## DIRECTIONS FOR THIS TASK
These records need to be repeated exactly, every one of them.

## GIVEN RECORDS
= = =

lemma power_sums_spread_bound:
  fixes x :: "'a \<Rightarrow> real"
  assumes "finite A" "A \<noteq> {}" and centered: "(\<Sum>i\<in>A. x i) = 0"
    and bounds: "\<And>i. i \<in> A \<Longrightarrow> u \<le> x i \<and> x i \<le> v"
  defines "N \<equiv> real (card A)" and "p \<equiv> \<lambda>k. \<Sum>i\<in>A. x i ^ k"
  shows "432 * (N * p 2 * p 4 - N * p 3 ^ 2 - p 2 ^ 3) \<le> N ^ 3 * (v - u) ^ 6"
proof -
  define M where "M = (u + v) / 2"
  define h where "h = (v - u) / 2"
  define y where "y i = (x i - M) ^ 2" for i
  define S where "S = (\<Sum>i\<in>A. y i)"
  have N: "N > 0"
    using assms(1,2) unfolding N_def by (simp add: card_gt_0_iff)
  have y: "0 \<le> y i \<and> y i \<le> h ^ 2" if "i \<in> A" for i
  proof -
    have "\<bar>x i - M\<bar> \<le> h"
      using bounds[OF that] unfolding M_def h_def by (auto simp: abs_le_iff field_simps)
    then show ?thesis
      unfolding y_def by (metis abs_ge_zero power2_abs power_mono zero_le_power2)
  qed
  have "S = (\<Sum>i\<in>A. x i ^ 2 - 2 * M * x i + M ^ 2)"
    unfolding S_def y_def by (rule sum.cong) (simp_all add: power2_eq_square algebra_simps)
  also have "\<dots> = p 2 + N * M ^ 2"
    using centered unfolding p_def N_def by (simp add: sum.distrib sum_subtractf flip: sum_distrib_left)
  finally have S: "S = p 2 + N * M ^ 2" .
  have p2: "0 \<le> p 2"
    unfolding p_def by (simp add: sum_nonneg)
  have "(\<Sum>i\<in>A. (y i - S / N) ^ 2) = (\<Sum>i\<in>A. (x i ^ 2 + (- 2 * M) * x i + (M ^ 2 - S / N)) ^ 2)"
    unfolding y_def by (rule sum.cong) (simp_all add: power2_eq_square algebra_simps)
  then have "N * p 2 * p 4 - N * p 3 ^ 2 - p 2 ^ 3 \<le> N * p 2 * (\<Sum>i\<in>A. (y i - S / N) ^ 2)"
    using gram_determinant_power_sums_le[OF centered, of "- 2 * M" "M ^ 2 - S / N"]
    unfolding N_def p_def by simp
  also have "\<dots> \<le> N * S * (h ^ 2 * S - S ^ 2 / N)"
  proof (rule mult_mono)
    show "N * p 2 \<le> N * S"
      using N S by simp
    show "(\<Sum>i\<in>A. (y i - S / N) ^ 2) \<le> h ^ 2 * S - S ^ 2 / N"
      using sum_square_deviation_le[of A y "h ^ 2"] y unfolding N_def S_def by blast
  qed (use N S p2 in \<open>simp_all add: sum_nonneg\<close>)
  also have "\<dots> = S ^ 2 * (N * h ^ 2 - S)"
    using N by (simp add: field_simps power2_eq_square)
  also have "\<dots> \<le> 4 * (N * h ^ 2) ^ 3 / 27"
    using N S p2 by (intro square_mult_complement_le) auto
  also have "\<dots> = N ^ 3 * (v - u) ^ 6 / 432"
    unfolding h_def by (simp add: power_mult_distrib power_divide flip: power_mult)
  finally show ?thesis
    by simp
qed

lemma reflect_poly_linear: "reflect_poly [:- a, 1:] = [:1, - a:]"
  for a :: "'a::comm_ring_1"
  by (intro poly_eqI) (auto simp: coeff_reflect_poly coeff_pCons split: nat.split)

lemma degree_prod_linear_factors:
  "degree (\<Prod>i\<in>A. [:- r i, 1:]) = card A" for r :: "'b \<Rightarrow> 'a::idom"
  by (cases "finite A") (simp_all add: degree_prod_sum_eq)

text \<open>Read from the top, the coefficients of \<open>\<Prod>(X - r\<^sub>i)\<close> are those of \<open>\<Prod>(1 - r\<^sub>i X)\<close>,
  which are computed by induction from the bottom.\<close>

lemma coeff_prod_linear_factors_reflect:
  fixes r :: "'b \<Rightarrow> 'a::idom"
  assumes "k \<le> card A"
  shows "coeff (\<Prod>i\<in>A. [:- r i, 1:]) (card A - k) = coeff (\<Prod>i\<in>A. [:1, - r i:]) k"
proof -
  have "(\<Prod>i\<in>A. [:1, - r i:]) = reflect_poly (\<Prod>i\<in>A. [:- r i, 1:])"
    by (simp add: reflect_poly_prod reflect_poly_linear)
  then show ?thesis
    using assms by (simp add: coeff_reflect_poly degree_prod_linear_factors)
qed

lemma newton_identities_step:
  fixes e0 e1 e2 e3 e4 p1 p2 p3 p4 a :: real
  assumes "e0 = 1" "e1 = - p1" "2 * e2 = p1 ^ 2 - p2" "6 * e3 = - (p1 ^ 3 - 3 * p1 * p2 + 2 * p3)"
    "24 * e4 = p1 ^ 4 - 6 * p1 ^ 2 * p2 + 3 * p2 ^ 2 + 8 * p1 * p3 - 6 * p4"
  shows "e1 - a * e0 = - (p1 + a ^ 1)"
    "2 * (e2 - a * e1) = (p1 + a ^ 1) ^ 2 - (p2 + a ^ 2)"
    "6 * (e3 - a * e2) = - ((p1 + a ^ 1) ^ 3 - 3 * (p1 + a ^ 1) * (p2 + a ^ 2) + 2 * (p3 + a ^ 3))"
    "24 * (e4 - a * e3) = (p1 + a ^ 1) ^ 4 - 6 * (p1 + a ^ 1) ^ 2 * (p2 + a ^ 2) + 3 * (p2 + a ^ 2) ^ 2
      + 8 * (p1 + a ^ 1) * (p3 + a ^ 3) - 6 * (p4 + a ^ 4)"
  using assms by algebra+

lemma coeff_prod_reflected_linear_factors_power_sums:
  fixes r :: "'b \<Rightarrow> real"
  assumes "finite A"
  defines "g \<equiv> \<Prod>i\<in>A. [:1, - r i:]" and "p \<equiv> \<lambda>k. \<Sum>i\<in>A. r i ^ k"
  shows "coeff g 0 = 1 \<and> coeff g 1 = - p 1 \<and> 2 * coeff g 2 = p 1 ^ 2 - p 2 \<and>
    6 * coeff g 3 = - (p 1 ^ 3 - 3 * p 1 * p 2 + 2 * p 3) \<and>
    24 * coeff g 4 = p 1 ^ 4 - 6 * p 1 ^ 2 * p 2 + 3 * p 2 ^ 2 + 8 * p 1 * p 3 - 6 * p 4"
  unfolding g_def p_def using assms(1)
proof (induction A rule: finite_induct)
  case empty
  then show ?case by simp
next
  case (insert a A)
  let ?g = "\<Prod>i\<in>A. [:1, - r i:]"
  let ?h = "\<Prod>i\<in>insert a A. [:1, - r i:]"
  have g: "coeff ?h k = coeff ?g k - r a * coeff ?g (k - 1)" if "k \<ge> 1" for k
    using insert.hyps that by (cases k) simp_all
  have h: "coeff ?h 0 = coeff ?g 0" "coeff ?h 1 = coeff ?g 1 - r a * coeff ?g 0"
    "coeff ?h 2 = coeff ?g 2 - r a * coeff ?g 1" "coeff ?h 3 = coeff ?g 3 - r a * coeff ?g 2"
    "coeff ?h 4 = coeff ?g 4 - r a * coeff ?g 3"
    using insert.hyps g[of 1] g[of 2] g[of 3] g[of 4] by simp_all
  have p: "(\<Sum>i\<in>insert a A. r i ^ k) = (\<Sum>i\<in>A. r i ^ k) + r a ^ k" for k
    using insert.hyps by simp
  from insert.IH show ?case
    unfolding p h by (elim conjE) (intro conjI; (assumption | rule newton_identities_step; assumption))
qed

= = =

## EXERCISE RESPONSE
lemma power_sums_spread_bound:
  fixes x :: "'a \<Rightarrow> real"
  assumes "finite A" "A \<noteq> {}" and centered: "(\<Sum>i\<in>A. x i) = 0"
    and bounds: "\<And>i. i \<in> A \<Longrightarrow> u \<le> x i \<and> x i \<le> v"
  defines "N \<equiv> real (card A)" and "p \<equiv> \<lambda>k. \<Sum>i\<in>A. x i ^ k"
  shows "432 * (N * p 2 * p 4 - N * p 3 ^ 2 - p 2 ^ 3) \<le> N ^ 3 * (v - u) ^ 6"
proof -
  define M where "M = (u + v) / 2"
  define h where "h = (v - u) / 2"
  define y where "y i = (x i - M) ^ 2" for i
  define S where "S = (\<Sum>i\<in>A. y i)"
  have N: "N > 0"
    using assms(1,2) unfolding N_def by (simp add: card_gt_0_iff)
  have y: "0 \<le> y i \<and> y i \<le> h ^ 2" if "i \<in> A" for i
  proof -
    have "\<bar>x i - M\<bar> \<le> h"
      using bounds[OF that] unfolding M_def h_def by (auto simp: abs_le_iff field_simps)
    then show ?thesis
      unfolding y_def by (metis abs_ge_zero power2_abs power_mono zero_le_power2)
  qed
  have "S = (\<Sum>i\<in>A. x i ^ 2 - 2 * M * x i + M ^ 2)"
    unfolding S_def y_def by (rule sum.cong) (simp_all add: power2_eq_square algebra_simps)
  also have "\<dots> = p 2 + N * M ^ 2"
    using centered unfolding p_def N_def by (simp add: sum.distrib sum_subtractf flip: sum_distrib_left)
  finally have S: "S = p 2 + N * M ^ 2" .
  have p2: "0 \<le> p 2"
    unfolding p_def by (simp add: sum_nonneg)
  have "(\<Sum>i\<in>A. (y i - S / N) ^ 2) = (\<Sum>i\<in>A. (x i ^ 2 + (- 2 * M) * x i + (M ^ 2 - S / N)) ^ 2)"
    unfolding y_def by (rule sum.cong) (simp_all add: power2_eq_square algebra_simps)
  then have "N * p 2 * p 4 - N * p 3 ^ 2 - p 2 ^ 3 \<le> N * p 2 * (\<Sum>i\<in>A. (y i - S / N) ^ 2)"
    using gram_determinant_power_sums_le[OF centered, of "- 2 * M" "M ^ 2 - S / N"]
    unfolding N_def p_def by simp
  also have "\<dots> \<le> N * S * (h ^ 2 * S - S ^ 2 / N)"
  proof (rule mult_mono)
    show "N * p 2 \<le> N * S"
      using N S by simp
    show "(\<Sum>i\<in>A. (y i - S / N) ^ 2) \<le> h ^ 2 * S - S ^ 2 / N"
      using sum_square_deviation_le[of A y "h ^ 2"] y unfolding N_def S_def by blast
  qed (use N S p2 in \<open>simp_all add: sum_nonneg\<close>)
  also have "\<dots> = S ^ 2 * (N * h ^ 2 - S)"
    using N by (simp add: field_simps power2_eq_square)
  also have "\<dots> \<le> 4 * (N * h ^ 2) ^ 3 / 27"
    using N S p2 by (intro square_mult_complement_le) auto
  also have "\<dots> = N ^ 3 * (v - u) ^ 6 / 432"
    unfolding h_def by (simp add: power_mult_distrib power_divide flip: power_mult)
  finally show ?thesis
    by simp
qed

lemma reflect_poly_linear: "reflect_poly [:- a, 1:] = [:1, - a:]"
  for a :: "'a::comm_ring_1"
  by (intro poly_eqI) (auto simp: coeff_reflect_poly coeff_pCons split: nat.split)

lemma degree_prod_linear_factors:
  "degree (\<Prod>i\<in>A. [:- r i, 1:]) = card A" for r :: "'b \<Rightarrow> 'a::idom"
  by (cases "finite A") (simp_all add: degree_prod_sum_eq)

text \<open>Read from the top, the coefficients of \<open>\<Prod>(X - r\<^sub>i)\<close> are those of \<open>\<Prod>(1 - r\<^sub>i X)\<close>,
  which are computed by induction from the bottom.\<close>

lemma coeff_prod_linear_factors_reflect:
  fixes r :: "'b \<Rightarrow> 'a::idom"
  assumes "k \<le> card A"
  shows "coeff (\<Prod>i\<in>A. [:- r i, 1:]) (card A - k) = coeff (\<Prod>i\<in>A. [:1, - r i:]) k"
proof -
  have "(\<Prod>i\<in>A. [:1, - r i:]) = reflect_poly (\<Prod>i\<in>A. [:- r i, 1:])"
    by (simp add: reflect_poly_prod reflect_poly_linear)
  then show ?thesis
    using assms by (simp add: coeff_reflect_poly degree_prod_linear_factors)
qed

lemma newton_identities_step:
  fixes e0 e1 e2 e3 e4 p1 p2 p3 p4 a :: real
  assumes "e0 = 1" "e1 = - p1" "2 * e2 = p1 ^ 2 - p2" "6 * e3 = - (p1 ^ 3 - 3 * p1 * p2 + 2 * p3)"
    "24 * e4 = p1 ^ 4 - 6 * p1 ^ 2 * p2 + 3 * p2 ^ 2 + 8 * p1 * p3 - 6 * p4"
  shows "e1 - a * e0 = - (p1 + a ^ 1)"
    "2 * (e2 - a * e1) = (p1 + a ^ 1) ^ 2 - (p2 + a ^ 2)"
    "6 * (e3 - a * e2) = - ((p1 + a ^ 1) ^ 3 - 3 * (p1 + a ^ 1) * (p2 + a ^ 2) + 2 * (p3 + a ^ 3))"
    "24 * (e4 - a * e3) = (p1 + a ^ 1) ^ 4 - 6 * (p1 + a ^ 1) ^ 2 * (p2 + a ^ 2) + 3 * (p2 + a ^ 2) ^ 2
      + 8 * (p1 + a ^ 1) * (p3 + a ^ 3) - 6 * (p4 + a ^ 4)"
  using assms by algebra+

lemma coeff_prod_reflected_linear_factors_power_sums:
  fixes r :: "'b \<Rightarrow> real"
  assumes "finite A"
  defines "g \<equiv> \<Prod>i\<in>A. [:1, - r i:]" and "p \<equiv> \<lambda>k. \<Sum>i\<in>A. r i ^ k"
  shows "coeff g 0 = 1 \<and> coeff g 1 = - p 1 \<and> 2 * coeff g 2 = p 1 ^ 2 - p 2 \<and>
    6 * coeff g 3 = - (p 1 ^ 3 - 3 * p 1 * p 2 + 2 * p 3) \<and>
    24 * coeff g 4 = p 1 ^ 4 - 6 * p 1 ^ 2 * p 2 + 3 * p 2 ^ 2 + 8 * p 1 * p 3 - 6 * p 4"
  unfolding g_def p_def using assms(1)
proof (induction A rule: finite_induct)
  case empty
  then show ?case by simp
next
  case (insert a A)
  let ?g = "\<Prod>i\<in>A. [:1, - r i:]"
  let ?h = "\<Prod>i\<in>insert a A. [:1, - r i:]"
  have g: "coeff ?h k = coeff ?g k - r a * coeff ?g (k - 1)" if "k \<ge> 1" for k
    using insert.hyps that by (cases k) simp_all
  have h: "coeff ?h 0 = coeff ?g 0" "coeff ?h 1 = coeff ?g 1 - r a * coeff ?g 0"
    "coeff ?h 2 = coeff ?g 2 - r a * coeff ?g 1" "coeff ?h 3 = coeff ?g 3 - r a * coeff ?g 2"
    "coeff ?h 4 = coeff ?g 4 - r a * coeff ?g 3"
    using insert.hyps g[of 1] g[of 2] g[of 3] g[of 4] by simp_all
  have p: "(\<Sum>i\<in>insert a A. r i ^ k) = (\<Sum>i\<in>A. r i ^ k) + r a ^ k" for k
    using insert.hyps by simp
  from insert.IH show ?case
    unfolding p h by (elim conjE) (intro conjI; (assumption | rule newton_identities_step; assumption))
qed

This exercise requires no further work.